La mesure de l’expression génique est réalisée en RT-PCR permettant d’évaluer quantitativement l’ARNm de l’IL6, l’IL1b, TNFα, MCP-1, TLR-4, CSF-1R. De plus, l’évaluation de l’activité immunitaire repose également sur la mesure de la production protéique par immunocytochimie et cytométrie de flux.
L’activation microgliale au niveau des coupes du noyau paraventriculaire (PVN) et du noyau arqué (ARC) utilisent un marquage immunohistochimique via IBA1 (marqueur spécifique de la microglie) et Cd11b (marqueur de l’activation).
La mesure du marquage épigénétique repose sur l’évaluation de la méthylation de l’ADN totale et de l’acétylation des histones (H3K9ac) des promoteurs de TNFα et IL6 (par immunoprécipitation de la chromatine après immunomarquage spécifique).

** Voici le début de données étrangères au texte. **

lemma circuit_functional_nonzero:
  assumes "independent B" "2 \<le> card B"
    and u: "u = (\<Sum>v\<in>B. c v *\<^sub>R v)" and pos: "\<forall>v\<in>B. 0 < c v * (h \<bullet> v)"
  shows "circuit_functional B c h u \<noteq> (\<lambda>_. 0)"
proof
  assume zero: "circuit_functional B c h u = (\<lambda>_. 0)"
  have "finite B" using assms(1) by (rule finiteI_independent)
  have "B \<noteq> {}" using assms(2) by auto
  then obtain v0 where "v0 \<in> B" by blast
  have inner_u: "x \<bullet> u = (\<Sum>v\<in>B. c v * (x \<bullet> v))" for x by (simp add: u inner_sum_right)
  obtain k where k: "\<And>v. v \<in> B \<Longrightarrow> k \<bullet> v = (if v = v0 then 1 else 0)"
    using exists_inner_eq_on_independent[OF assms(1), of "\<lambda>v. if v = v0 then 1 else 0"] by blast
  have pick: "(\<Sum>v\<in>B. g v * (k \<bullet> v)) = g v0" for g
  proof -
    have "(\<Sum>v\<in>B. g v * (k \<bullet> v)) = (\<Sum>v\<in>B. if v = v0 then g v else 0)"
      using k by (intro sum.cong) auto
    then show ?thesis using \<open>finite B\<close> \<open>v0 \<in> B\<close> by simp
  qed
  have v0_pos: "0 < c v0 * (h \<bullet> v0)" using pos \<open>v0 \<in> B\<close> by blast
  have hu: "c v0 * (h \<bullet> v0) < h \<bullet> u"
    unfolding inner_u using \<open>finite B\<close> assms(2) \<open>v0 \<in> B\<close> pos by (rule member_lt_sum)
  then have "c v0 * (h \<bullet> v0) / (h \<bullet> u) < 1" using v0_pos by simp
  moreover have "0 < c v0 / (h \<bullet> v0)" using v0_pos by (simp add: zero_less_divide_iff zero_less_mult_iff)
  ultimately have "0 < c v0 / (h \<bullet> v0) * (1 - c v0 * (h \<bullet> v0) / (h \<bullet> u))"
    by (intro mult_pos_pos) simp_all
  also have "\<dots> = c v0 / (h \<bullet> v0) - (c v0)\<^sup>2 / (h \<bullet> u)"
  proof -
    have "h \<bullet> v0 \<noteq> 0" "h \<bullet> u \<noteq> 0" using v0_pos hu by auto
    then show ?thesis by (simp add: field_simps power2_eq_square)
  qed
  also have "\<dots> = quad_form (gram (circuit_functional B c h u)) k"
  proof -
    have "(\<Sum>v\<in>B. c v * (k \<bullet> v)\<^sup>2 / (h \<bullet> v)) = (\<Sum>v\<in>B. c v / (h \<bullet> v) * (k \<bullet> v))"
      using k by (intro sum.cong) (auto simp: power2_eq_square)
    then show ?thesis
      using pick[of "\<lambda>v. c v / (h \<bullet> v)"] pick[of c]
      by (simp add: quad_form_circuit_functional inner_u)
  qed
  also have "\<dots> = 0" by (simp add: zero gram_zero quad_form_def)
  finally show False by simp
qed

lemma hankel_index_le_lrank:
  assumes "extreme_ray (sigma_dual Z) l" "1 < lrank l"
  shows "hankel_index Z \<le> enat (lrank l)"
  unfolding hankel_index_def using assms by (auto intro!: Least_le)

lemma lrank_eq_rank_gram: "lrank l = rank (gram l)"
  by (simp add: lrank_def gram_def)

lemma sigma_dual_rank_le_one_point:
  assumes quadrics: "\<And>z. z \<noteq> 0 \<Longrightarrow> (\<forall>f\<in>idealX Z 2. ceval 2 f z = 0) \<Longrightarrow> z \<in> Z"
    and l: "l \<in> sigma_dual Z" "l \<noteq> (\<lambda>_. 0)" "rank (gram l) \<le> 1"
  obtains y where "y \<noteq> 0" "cvec y \<in> Z" "y \<in> range ((*v) (gram l))"
proof -
  obtain y where y: "gram l = outer y"
    using psd_rank_le_one_eq_outer[OF transpose_gram sigma_dual_quad_form_nonneg[OF l(1)] l(3)] by blast
  have "y \<noteq> 0" using y sigma_dual_eq_zeroI[OF l(1)] l(2) by (auto simp: outer_def vec_eq_iff)
  then have "gram l *v ((1 / (y \<bullet> y)) *\<^sub>R y) = y" by (simp add: y outer_mult_vector)
  moreover have "cvec y \<in> Z"
    using quadrics \<open>y \<noteq> 0\<close> sigma_dual_gram_outer[OF l(1) y] by (simp add: cvec_eq_0_iff)
  ultimately show ?thesis using that \<open>y \<noteq> 0\<close> by (metis rangeI)
qed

A travers cette étude, les auteurs pointent que l’exposition précoce à l’alcool active à court terme la microglie hypothalamique du PVN et l’expression micro gliale de facteurs proinflammatoires et que ces effets persistent à l’âge adulte, non pas à l’état basal, mais après un stress immunitaire, suggérant ainsi un effet d’ « amorçage » de l’immunité par l’alcool. L’axe du stress parait de plus être également hyper réactif au stress immunitaire, ce qui est ici souligné par les taux post LPS de CORT et ACTH.
Ces altérations semblent reposer sur un marquage épigénétique précoce associant une réduction de régulateurs négatifs de la transcription (méthylation globale de l’ADN et MeCP2), une réduction des histones déacétylases (HDA1C et SIRT1) permettant un enrichissement de leur cible H3K9ac. Un enrichissement spécifique des promoteurs de marqueurs proinflammatoires IL6 et TNF-α suggère ce mécanisme comme participant à l’hyperréactivité immunitaire constatée. L’exposition à l’alcool constituerait ainsi un stress immunitaire précoce activant l’immunité cellulaire à court et à long terme.
De manière intéressante, la minocycline permet ici de corriger ces éléments. Celle-ci est connue pour inhiber l’activation M1 microgliale. Ces données suggèrent un potentiel thérapeutique de ce traitement dans les syndromes d’alcoolisation fœtale justifiant d’être investigué.
Les recherches futures devront également évaluer l’impact fonctionnel et comportemental de l’exposition précoce à l’alcool et identifier quelles serait les conséquences d’un blocage de l’activation microgliale.